What you will do
Within the records below is a range that opens at the line with "then obtain u" and closes at the line with "y) \<in> (induced_edges". Return that range word for word, both ends included, and only that range.

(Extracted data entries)
---

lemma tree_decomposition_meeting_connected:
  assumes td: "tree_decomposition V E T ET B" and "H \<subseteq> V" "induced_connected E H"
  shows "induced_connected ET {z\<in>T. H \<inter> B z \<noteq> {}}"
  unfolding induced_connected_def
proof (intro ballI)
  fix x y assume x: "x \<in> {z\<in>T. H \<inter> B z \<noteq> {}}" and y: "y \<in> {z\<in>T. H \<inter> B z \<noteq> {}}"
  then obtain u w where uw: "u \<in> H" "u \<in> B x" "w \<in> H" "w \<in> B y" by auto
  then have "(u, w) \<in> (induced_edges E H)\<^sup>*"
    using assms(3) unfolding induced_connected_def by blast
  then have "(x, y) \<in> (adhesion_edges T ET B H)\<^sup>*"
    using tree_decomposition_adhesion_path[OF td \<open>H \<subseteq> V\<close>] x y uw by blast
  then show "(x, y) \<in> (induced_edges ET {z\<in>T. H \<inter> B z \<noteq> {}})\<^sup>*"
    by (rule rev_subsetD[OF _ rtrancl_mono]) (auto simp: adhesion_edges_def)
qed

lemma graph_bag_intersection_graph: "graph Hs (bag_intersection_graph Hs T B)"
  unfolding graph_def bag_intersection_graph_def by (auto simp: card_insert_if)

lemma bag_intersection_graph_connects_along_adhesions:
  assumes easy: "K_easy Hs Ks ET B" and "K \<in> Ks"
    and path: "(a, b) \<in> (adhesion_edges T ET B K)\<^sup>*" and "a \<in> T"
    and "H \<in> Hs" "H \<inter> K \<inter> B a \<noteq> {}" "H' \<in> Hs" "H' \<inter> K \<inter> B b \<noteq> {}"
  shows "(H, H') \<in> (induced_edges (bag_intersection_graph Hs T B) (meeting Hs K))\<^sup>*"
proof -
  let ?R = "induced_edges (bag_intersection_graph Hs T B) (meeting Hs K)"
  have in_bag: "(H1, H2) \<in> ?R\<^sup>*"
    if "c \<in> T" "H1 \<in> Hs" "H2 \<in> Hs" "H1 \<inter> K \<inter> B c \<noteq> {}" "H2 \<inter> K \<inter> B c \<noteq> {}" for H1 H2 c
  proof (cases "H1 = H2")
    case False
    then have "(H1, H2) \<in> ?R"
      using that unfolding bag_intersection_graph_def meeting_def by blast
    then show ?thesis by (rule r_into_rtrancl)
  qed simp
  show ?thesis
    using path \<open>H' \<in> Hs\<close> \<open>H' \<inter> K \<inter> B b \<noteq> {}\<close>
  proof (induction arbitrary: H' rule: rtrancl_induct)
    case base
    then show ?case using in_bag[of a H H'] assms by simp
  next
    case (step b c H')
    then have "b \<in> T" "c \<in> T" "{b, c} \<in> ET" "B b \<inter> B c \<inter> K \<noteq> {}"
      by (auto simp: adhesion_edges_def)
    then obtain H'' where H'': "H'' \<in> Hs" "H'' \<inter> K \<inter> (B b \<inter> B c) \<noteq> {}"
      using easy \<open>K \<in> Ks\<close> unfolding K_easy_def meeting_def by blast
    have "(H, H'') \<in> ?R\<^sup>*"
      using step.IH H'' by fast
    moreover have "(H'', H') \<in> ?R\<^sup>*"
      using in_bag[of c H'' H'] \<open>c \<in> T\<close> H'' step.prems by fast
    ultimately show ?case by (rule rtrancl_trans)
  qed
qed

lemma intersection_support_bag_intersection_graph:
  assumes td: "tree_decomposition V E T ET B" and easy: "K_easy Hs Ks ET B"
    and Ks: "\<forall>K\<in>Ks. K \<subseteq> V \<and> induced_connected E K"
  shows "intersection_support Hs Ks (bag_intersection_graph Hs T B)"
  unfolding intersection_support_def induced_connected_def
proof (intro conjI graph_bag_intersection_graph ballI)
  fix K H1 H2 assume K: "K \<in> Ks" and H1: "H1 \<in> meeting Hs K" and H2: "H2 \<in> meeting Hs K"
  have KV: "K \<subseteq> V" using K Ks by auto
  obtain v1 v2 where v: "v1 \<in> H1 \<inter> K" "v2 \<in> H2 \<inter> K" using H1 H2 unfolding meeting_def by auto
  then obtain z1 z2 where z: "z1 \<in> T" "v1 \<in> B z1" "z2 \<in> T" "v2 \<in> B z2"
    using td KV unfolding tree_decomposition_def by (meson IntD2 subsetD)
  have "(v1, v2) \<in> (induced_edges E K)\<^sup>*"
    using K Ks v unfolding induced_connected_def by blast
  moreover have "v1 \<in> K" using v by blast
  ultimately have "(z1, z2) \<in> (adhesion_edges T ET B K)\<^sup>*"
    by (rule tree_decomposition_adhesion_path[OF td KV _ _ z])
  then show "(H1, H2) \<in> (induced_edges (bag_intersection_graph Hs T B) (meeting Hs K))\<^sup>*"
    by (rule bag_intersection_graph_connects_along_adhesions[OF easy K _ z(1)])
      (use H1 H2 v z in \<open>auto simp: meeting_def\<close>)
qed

---

Task output
  then obtain u w where uw: "u \<in> H" "u \<in> B x" "w \<in> H" "w \<in> B y" by auto
  then have "(u, w) \<in> (induced_edges E H)\<^sup>*"
    using assms(3) unfolding induced_connected_def by blast
  then have "(x, y) \<in> (adhesion_edges T ET B H)\<^sup>*"
    using tree_decomposition_adhesion_path[OF td \<open>H \<subseteq> V\<close>] x y uw by blast
  then show "(x, y) \<in> (induced_edges ET {z\<in>T. H \<inter> B z \<noteq> {}})\<^sup>*"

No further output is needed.